● **EXERCISE PROMPT**
The answer should consist of each line below that contains the word "order".

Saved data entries

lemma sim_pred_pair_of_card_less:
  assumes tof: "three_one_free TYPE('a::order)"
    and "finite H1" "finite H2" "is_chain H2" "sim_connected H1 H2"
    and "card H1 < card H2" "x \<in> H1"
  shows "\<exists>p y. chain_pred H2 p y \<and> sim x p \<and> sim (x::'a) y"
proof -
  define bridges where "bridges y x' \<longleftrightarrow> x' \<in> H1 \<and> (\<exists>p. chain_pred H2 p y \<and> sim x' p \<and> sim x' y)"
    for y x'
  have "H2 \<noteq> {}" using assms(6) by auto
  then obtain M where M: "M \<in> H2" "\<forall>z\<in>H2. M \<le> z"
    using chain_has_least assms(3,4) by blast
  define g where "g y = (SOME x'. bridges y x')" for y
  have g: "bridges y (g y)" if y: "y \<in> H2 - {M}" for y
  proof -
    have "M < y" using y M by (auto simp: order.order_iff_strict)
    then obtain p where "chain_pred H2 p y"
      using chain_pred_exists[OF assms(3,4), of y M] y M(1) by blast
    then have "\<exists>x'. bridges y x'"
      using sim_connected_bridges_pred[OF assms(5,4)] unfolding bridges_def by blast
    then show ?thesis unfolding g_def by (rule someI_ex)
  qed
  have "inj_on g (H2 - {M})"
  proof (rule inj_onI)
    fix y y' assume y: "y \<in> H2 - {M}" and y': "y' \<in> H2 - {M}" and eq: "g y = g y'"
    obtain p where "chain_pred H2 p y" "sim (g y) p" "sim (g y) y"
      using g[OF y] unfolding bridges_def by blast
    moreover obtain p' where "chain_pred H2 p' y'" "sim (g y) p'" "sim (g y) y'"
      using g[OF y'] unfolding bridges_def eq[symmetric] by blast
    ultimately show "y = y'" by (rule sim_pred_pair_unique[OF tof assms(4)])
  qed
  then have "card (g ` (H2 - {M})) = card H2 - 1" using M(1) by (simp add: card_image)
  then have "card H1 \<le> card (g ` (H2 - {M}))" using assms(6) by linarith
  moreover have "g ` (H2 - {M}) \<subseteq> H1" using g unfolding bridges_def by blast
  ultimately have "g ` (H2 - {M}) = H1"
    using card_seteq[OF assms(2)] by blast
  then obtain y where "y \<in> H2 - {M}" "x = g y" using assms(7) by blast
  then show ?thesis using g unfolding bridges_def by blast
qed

==

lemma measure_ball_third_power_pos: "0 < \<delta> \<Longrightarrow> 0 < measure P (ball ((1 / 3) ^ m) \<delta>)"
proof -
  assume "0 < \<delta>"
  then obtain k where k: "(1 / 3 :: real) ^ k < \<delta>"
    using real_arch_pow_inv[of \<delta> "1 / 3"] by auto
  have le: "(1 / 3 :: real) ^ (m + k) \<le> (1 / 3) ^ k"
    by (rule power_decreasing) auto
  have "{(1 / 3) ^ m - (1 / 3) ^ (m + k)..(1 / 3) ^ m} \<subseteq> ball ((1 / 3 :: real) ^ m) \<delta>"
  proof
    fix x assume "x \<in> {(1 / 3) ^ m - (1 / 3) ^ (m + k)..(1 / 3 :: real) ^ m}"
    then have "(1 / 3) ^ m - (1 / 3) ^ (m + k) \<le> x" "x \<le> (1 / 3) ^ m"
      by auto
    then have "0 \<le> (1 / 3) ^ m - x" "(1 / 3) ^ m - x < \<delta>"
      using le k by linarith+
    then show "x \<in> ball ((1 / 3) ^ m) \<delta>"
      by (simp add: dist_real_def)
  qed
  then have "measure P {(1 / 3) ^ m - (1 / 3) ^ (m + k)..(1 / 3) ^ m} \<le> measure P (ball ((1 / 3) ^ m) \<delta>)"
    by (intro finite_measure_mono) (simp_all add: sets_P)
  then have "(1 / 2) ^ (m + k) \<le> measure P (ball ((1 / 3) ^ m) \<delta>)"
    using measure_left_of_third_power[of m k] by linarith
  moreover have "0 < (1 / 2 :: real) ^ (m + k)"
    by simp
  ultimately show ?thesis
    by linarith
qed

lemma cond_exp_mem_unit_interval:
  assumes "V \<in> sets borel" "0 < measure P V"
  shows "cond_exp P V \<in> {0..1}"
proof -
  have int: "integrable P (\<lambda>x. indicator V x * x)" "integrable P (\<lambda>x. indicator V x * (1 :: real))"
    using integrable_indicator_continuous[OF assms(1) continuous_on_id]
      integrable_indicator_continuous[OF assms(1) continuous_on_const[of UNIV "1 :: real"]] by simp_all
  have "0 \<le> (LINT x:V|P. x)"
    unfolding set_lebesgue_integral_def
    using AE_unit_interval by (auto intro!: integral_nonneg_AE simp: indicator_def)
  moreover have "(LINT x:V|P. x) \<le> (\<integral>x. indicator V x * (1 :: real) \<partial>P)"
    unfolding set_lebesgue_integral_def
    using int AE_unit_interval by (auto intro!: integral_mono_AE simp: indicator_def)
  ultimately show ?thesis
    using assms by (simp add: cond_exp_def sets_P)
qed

● **RESPONSE TO THE TASK**
  assumes tof: "three_one_free TYPE('a::order)"
    have "M < y" using y M by (auto simp: order.order_iff_strict)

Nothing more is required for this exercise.